▸ **Directions**: Starting at the line that holds "using one_le_tree_count[OF D" and stopping at the line that holds "n) \<longlonglongrightarrow> q", restate the records below word for word, with both of those lines included.

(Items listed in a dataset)
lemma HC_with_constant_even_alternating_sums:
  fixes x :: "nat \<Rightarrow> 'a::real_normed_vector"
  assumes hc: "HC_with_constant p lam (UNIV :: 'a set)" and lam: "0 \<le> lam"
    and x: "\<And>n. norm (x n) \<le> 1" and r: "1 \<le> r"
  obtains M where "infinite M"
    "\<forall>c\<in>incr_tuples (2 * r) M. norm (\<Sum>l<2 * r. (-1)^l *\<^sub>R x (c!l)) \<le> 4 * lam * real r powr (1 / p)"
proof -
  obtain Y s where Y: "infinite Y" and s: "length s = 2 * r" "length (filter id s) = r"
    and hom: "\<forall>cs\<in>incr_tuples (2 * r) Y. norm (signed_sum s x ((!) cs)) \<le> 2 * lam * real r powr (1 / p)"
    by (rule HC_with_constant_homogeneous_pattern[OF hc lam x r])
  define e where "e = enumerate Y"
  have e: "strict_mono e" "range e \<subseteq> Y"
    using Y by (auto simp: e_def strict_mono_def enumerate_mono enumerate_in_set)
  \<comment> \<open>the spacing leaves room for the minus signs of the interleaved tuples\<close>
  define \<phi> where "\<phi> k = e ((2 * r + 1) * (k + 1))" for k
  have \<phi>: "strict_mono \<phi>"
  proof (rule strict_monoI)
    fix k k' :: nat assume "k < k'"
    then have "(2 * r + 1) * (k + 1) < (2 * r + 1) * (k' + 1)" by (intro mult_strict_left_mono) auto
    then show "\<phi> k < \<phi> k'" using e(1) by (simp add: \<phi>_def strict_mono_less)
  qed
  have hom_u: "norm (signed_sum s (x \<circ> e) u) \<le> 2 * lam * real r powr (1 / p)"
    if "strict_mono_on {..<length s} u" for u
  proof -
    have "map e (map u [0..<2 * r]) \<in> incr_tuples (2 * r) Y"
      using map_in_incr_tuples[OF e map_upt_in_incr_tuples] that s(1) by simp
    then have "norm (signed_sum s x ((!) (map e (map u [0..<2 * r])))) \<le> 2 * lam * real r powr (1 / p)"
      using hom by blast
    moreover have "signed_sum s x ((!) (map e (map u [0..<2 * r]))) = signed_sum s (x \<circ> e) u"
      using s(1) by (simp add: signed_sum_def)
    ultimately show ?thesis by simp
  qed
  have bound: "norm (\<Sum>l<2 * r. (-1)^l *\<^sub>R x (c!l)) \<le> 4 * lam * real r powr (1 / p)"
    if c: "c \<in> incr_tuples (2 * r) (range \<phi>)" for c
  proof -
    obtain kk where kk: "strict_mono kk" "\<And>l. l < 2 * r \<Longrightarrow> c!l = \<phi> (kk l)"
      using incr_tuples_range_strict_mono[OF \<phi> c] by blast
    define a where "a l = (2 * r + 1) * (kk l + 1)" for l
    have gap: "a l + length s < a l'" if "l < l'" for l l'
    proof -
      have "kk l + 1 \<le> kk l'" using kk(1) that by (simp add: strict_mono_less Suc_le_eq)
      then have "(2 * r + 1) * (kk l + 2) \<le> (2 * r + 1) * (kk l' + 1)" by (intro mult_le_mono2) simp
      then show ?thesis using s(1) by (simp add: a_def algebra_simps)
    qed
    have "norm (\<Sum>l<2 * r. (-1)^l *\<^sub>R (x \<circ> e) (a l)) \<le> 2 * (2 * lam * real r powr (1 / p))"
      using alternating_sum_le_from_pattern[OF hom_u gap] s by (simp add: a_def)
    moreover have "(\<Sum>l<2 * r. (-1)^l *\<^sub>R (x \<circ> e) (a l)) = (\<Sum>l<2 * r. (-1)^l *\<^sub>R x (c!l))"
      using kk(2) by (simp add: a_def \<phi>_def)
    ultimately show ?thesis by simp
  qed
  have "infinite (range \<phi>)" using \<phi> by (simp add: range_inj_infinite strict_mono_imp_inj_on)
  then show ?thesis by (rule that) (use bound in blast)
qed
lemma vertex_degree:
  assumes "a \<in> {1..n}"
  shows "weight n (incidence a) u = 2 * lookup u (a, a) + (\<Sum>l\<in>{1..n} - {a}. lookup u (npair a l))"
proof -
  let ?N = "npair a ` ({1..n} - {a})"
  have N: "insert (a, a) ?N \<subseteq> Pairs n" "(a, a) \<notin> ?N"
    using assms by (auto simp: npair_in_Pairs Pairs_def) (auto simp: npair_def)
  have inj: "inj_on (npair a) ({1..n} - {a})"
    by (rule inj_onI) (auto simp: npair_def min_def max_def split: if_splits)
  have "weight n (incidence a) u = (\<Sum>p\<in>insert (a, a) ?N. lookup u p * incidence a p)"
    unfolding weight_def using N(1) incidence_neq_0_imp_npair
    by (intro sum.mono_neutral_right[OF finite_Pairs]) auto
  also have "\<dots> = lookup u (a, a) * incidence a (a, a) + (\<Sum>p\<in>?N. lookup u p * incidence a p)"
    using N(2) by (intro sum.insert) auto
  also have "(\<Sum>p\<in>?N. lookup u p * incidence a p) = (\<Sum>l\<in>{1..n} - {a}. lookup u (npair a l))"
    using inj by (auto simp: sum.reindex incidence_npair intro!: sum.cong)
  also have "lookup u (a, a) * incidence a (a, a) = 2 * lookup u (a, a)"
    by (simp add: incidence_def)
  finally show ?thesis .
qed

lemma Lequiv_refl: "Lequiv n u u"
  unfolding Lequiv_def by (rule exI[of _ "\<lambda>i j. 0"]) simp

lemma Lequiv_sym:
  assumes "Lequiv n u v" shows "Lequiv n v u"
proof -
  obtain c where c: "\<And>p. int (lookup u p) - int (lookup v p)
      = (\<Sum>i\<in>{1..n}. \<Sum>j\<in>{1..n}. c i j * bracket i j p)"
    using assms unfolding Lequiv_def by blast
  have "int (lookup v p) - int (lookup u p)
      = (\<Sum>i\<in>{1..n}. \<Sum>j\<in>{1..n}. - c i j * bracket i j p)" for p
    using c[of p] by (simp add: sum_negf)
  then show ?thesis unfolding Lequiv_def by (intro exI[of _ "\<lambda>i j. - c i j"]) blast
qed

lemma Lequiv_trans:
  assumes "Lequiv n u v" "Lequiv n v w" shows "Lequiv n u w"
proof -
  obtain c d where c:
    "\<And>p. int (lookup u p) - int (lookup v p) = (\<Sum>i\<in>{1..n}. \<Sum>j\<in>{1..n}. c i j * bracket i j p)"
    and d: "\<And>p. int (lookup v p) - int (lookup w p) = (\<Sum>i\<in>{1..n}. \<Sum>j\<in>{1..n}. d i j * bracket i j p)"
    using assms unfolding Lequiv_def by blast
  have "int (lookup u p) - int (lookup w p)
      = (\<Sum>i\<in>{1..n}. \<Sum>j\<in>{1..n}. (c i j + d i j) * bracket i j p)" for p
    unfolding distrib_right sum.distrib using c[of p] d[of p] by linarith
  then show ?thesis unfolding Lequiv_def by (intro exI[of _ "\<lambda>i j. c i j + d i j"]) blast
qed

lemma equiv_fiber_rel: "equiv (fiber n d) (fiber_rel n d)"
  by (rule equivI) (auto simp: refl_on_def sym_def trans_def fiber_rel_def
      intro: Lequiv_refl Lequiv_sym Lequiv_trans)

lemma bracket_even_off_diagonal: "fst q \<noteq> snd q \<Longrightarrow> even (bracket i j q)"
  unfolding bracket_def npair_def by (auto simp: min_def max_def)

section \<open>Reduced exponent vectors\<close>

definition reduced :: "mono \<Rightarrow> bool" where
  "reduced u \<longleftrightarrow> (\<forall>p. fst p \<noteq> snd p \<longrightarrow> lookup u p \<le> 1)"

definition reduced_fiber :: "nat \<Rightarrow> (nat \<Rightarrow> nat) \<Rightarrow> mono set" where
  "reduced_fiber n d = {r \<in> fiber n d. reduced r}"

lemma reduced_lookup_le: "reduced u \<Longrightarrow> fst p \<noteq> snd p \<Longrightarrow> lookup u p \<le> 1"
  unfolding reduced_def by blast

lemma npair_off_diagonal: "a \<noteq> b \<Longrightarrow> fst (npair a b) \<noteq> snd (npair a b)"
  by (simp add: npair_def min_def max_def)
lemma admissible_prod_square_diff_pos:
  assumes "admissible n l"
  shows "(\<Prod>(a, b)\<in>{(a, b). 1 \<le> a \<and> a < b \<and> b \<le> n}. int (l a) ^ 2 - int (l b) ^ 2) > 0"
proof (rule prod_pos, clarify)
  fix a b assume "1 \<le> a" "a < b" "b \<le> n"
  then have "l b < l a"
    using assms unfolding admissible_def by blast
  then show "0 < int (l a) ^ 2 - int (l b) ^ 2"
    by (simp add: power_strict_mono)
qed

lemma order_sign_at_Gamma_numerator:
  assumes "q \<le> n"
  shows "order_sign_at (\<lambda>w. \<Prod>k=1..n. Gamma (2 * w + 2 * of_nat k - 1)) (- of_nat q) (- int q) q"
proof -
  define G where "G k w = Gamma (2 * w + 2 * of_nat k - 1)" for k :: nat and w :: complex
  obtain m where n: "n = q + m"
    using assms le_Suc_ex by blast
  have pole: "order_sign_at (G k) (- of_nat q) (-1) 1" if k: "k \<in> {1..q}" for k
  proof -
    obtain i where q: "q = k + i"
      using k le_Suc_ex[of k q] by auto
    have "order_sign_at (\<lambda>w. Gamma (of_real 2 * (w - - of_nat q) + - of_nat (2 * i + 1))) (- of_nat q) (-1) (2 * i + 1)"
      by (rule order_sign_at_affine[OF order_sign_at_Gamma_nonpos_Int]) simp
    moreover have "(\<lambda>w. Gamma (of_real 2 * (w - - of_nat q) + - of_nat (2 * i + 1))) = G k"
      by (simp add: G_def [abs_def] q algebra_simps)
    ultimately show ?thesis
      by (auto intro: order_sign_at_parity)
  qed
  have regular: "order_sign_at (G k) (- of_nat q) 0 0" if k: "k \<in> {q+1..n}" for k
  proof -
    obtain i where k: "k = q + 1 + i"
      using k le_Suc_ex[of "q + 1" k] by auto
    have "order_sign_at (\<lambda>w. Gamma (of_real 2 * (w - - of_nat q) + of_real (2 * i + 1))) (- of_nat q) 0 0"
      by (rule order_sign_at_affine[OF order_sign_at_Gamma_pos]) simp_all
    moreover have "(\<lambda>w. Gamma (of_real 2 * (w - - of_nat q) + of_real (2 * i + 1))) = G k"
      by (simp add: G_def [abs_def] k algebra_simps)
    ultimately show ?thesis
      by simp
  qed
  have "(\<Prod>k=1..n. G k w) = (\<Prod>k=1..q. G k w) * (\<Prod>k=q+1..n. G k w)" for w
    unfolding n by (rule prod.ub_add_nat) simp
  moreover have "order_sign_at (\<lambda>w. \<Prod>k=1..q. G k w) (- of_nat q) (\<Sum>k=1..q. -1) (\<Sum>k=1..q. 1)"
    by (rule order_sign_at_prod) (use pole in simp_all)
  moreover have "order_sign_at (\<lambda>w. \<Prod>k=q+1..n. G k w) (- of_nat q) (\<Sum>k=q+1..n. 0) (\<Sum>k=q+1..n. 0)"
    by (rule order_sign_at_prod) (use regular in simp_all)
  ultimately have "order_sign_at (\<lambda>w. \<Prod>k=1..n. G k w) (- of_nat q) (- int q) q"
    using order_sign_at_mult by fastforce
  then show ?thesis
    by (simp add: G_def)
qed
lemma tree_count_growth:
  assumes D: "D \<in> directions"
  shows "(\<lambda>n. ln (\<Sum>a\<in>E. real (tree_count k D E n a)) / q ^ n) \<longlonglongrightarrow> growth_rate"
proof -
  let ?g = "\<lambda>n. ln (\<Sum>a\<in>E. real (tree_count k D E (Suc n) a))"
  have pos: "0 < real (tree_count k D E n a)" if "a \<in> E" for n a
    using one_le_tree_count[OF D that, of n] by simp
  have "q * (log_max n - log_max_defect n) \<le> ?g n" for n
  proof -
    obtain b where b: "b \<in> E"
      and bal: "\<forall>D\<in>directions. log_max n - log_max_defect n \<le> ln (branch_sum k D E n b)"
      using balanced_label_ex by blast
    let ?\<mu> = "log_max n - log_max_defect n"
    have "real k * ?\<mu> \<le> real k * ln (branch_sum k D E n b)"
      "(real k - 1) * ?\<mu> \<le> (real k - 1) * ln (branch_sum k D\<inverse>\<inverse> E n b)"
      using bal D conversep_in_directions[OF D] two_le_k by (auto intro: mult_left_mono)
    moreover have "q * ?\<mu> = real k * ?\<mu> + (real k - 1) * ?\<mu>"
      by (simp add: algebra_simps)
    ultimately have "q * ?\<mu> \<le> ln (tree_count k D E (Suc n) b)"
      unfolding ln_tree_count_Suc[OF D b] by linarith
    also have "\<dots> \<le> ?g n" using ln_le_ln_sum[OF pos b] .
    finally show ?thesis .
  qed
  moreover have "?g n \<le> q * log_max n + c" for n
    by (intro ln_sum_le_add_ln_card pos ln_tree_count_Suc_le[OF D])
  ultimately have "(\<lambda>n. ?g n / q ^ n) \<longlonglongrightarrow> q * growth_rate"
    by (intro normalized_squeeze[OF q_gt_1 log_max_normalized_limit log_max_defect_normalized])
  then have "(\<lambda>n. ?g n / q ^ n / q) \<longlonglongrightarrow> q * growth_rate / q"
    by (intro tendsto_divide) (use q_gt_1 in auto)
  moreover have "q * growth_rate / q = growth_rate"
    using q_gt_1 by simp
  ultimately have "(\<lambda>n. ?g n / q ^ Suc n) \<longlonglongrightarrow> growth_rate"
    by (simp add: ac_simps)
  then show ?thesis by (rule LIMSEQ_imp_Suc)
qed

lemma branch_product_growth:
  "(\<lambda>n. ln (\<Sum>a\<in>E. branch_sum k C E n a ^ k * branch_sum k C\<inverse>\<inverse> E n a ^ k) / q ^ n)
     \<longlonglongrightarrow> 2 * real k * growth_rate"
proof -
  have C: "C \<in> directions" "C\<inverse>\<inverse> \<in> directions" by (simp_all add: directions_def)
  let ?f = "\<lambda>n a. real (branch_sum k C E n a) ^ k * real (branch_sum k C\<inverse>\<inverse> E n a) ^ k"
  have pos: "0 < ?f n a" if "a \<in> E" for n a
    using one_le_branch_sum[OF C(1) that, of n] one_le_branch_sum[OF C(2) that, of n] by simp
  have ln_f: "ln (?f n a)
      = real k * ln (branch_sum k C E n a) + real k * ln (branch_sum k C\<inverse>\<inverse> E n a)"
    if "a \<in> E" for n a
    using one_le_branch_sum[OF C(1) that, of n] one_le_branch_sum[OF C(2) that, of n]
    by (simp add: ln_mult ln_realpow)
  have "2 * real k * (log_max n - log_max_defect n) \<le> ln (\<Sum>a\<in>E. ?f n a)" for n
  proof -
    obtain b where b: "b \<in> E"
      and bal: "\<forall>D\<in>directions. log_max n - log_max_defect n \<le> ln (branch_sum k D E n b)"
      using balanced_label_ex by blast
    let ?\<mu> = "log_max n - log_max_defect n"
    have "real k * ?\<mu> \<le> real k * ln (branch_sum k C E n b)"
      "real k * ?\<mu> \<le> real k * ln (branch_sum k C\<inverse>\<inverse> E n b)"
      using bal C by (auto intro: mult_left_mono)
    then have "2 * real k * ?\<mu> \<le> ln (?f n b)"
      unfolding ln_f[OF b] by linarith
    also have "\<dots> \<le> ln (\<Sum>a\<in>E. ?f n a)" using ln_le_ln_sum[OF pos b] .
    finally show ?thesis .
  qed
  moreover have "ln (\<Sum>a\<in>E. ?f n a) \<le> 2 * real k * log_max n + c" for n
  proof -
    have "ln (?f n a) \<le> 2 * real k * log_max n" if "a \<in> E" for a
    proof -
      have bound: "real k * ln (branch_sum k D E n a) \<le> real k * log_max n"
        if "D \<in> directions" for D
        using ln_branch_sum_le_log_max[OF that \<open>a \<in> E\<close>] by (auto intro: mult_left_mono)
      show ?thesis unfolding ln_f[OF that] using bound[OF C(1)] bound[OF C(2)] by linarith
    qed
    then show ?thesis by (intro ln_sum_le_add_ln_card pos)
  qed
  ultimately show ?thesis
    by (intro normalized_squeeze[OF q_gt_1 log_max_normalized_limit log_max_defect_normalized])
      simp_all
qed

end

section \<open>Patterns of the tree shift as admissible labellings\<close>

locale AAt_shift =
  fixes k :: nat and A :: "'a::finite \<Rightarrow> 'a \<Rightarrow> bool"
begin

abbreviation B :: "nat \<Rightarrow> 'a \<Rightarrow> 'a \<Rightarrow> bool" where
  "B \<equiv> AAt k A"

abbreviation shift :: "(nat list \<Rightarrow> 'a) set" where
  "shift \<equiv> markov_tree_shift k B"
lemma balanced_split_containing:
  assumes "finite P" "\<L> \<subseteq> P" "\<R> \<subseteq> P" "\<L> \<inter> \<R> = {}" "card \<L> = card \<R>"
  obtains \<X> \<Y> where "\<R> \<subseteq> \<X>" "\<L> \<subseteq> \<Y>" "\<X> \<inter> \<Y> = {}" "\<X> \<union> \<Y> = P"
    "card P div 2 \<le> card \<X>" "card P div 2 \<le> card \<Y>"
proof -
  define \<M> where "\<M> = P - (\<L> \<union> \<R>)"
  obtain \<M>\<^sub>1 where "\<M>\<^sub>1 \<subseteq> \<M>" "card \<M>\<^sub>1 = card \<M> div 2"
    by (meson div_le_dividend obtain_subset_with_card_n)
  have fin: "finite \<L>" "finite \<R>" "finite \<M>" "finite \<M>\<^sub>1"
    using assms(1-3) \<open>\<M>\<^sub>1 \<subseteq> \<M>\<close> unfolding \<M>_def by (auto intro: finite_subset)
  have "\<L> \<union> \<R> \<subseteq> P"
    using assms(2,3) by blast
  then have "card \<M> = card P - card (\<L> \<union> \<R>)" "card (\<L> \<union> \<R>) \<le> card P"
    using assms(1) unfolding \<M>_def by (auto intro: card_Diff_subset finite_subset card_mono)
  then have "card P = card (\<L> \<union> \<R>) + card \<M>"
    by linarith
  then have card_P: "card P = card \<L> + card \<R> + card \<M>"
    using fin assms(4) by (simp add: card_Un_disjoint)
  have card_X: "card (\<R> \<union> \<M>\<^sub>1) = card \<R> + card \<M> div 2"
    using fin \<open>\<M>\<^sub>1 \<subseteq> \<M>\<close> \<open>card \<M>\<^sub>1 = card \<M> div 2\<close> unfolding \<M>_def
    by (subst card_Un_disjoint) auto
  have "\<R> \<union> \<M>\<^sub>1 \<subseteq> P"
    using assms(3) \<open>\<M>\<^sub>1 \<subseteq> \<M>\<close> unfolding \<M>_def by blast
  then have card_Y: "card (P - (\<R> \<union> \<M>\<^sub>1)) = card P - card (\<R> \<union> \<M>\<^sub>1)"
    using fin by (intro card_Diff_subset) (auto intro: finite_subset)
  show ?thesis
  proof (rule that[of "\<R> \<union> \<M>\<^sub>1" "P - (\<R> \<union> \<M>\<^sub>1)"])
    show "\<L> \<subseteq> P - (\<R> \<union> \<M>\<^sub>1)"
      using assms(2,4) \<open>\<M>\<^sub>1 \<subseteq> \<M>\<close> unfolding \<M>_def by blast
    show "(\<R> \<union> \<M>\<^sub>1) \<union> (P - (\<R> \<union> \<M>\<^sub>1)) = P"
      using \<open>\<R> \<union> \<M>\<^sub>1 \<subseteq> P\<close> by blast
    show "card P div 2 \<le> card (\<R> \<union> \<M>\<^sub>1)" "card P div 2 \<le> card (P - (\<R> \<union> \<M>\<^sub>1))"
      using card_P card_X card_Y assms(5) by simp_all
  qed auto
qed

▸ **Response to this exercise**:
    using one_le_tree_count[OF D that, of n] by simp
  have "q * (log_max n - log_max_defect n) \<le> ?g n" for n
  proof -
    obtain b where b: "b \<in> E"
      and bal: "\<forall>D\<in>directions. log_max n - log_max_defect n \<le> ln (branch_sum k D E n b)"
      using balanced_label_ex by blast
    let ?\<mu> = "log_max n - log_max_defect n"
    have "real k * ?\<mu> \<le> real k * ln (branch_sum k D E n b)"
      "(real k - 1) * ?\<mu> \<le> (real k - 1) * ln (branch_sum k D\<inverse>\<inverse> E n b)"
      using bal D conversep_in_directions[OF D] two_le_k by (auto intro: mult_left_mono)
    moreover have "q * ?\<mu> = real k * ?\<mu> + (real k - 1) * ?\<mu>"
      by (simp add: algebra_simps)
    ultimately have "q * ?\<mu> \<le> ln (tree_count k D E (Suc n) b)"
      unfolding ln_tree_count_Suc[OF D b] by linarith
    also have "\<dots> \<le> ?g n" using ln_le_ln_sum[OF pos b] .
    finally show ?thesis .
  qed
  moreover have "?g n \<le> q * log_max n + c" for n
    by (intro ln_sum_le_add_ln_card pos ln_tree_count_Suc_le[OF D])
  ultimately have "(\<lambda>n. ?g n / q ^ n) \<longlonglongrightarrow> q * growth_rate"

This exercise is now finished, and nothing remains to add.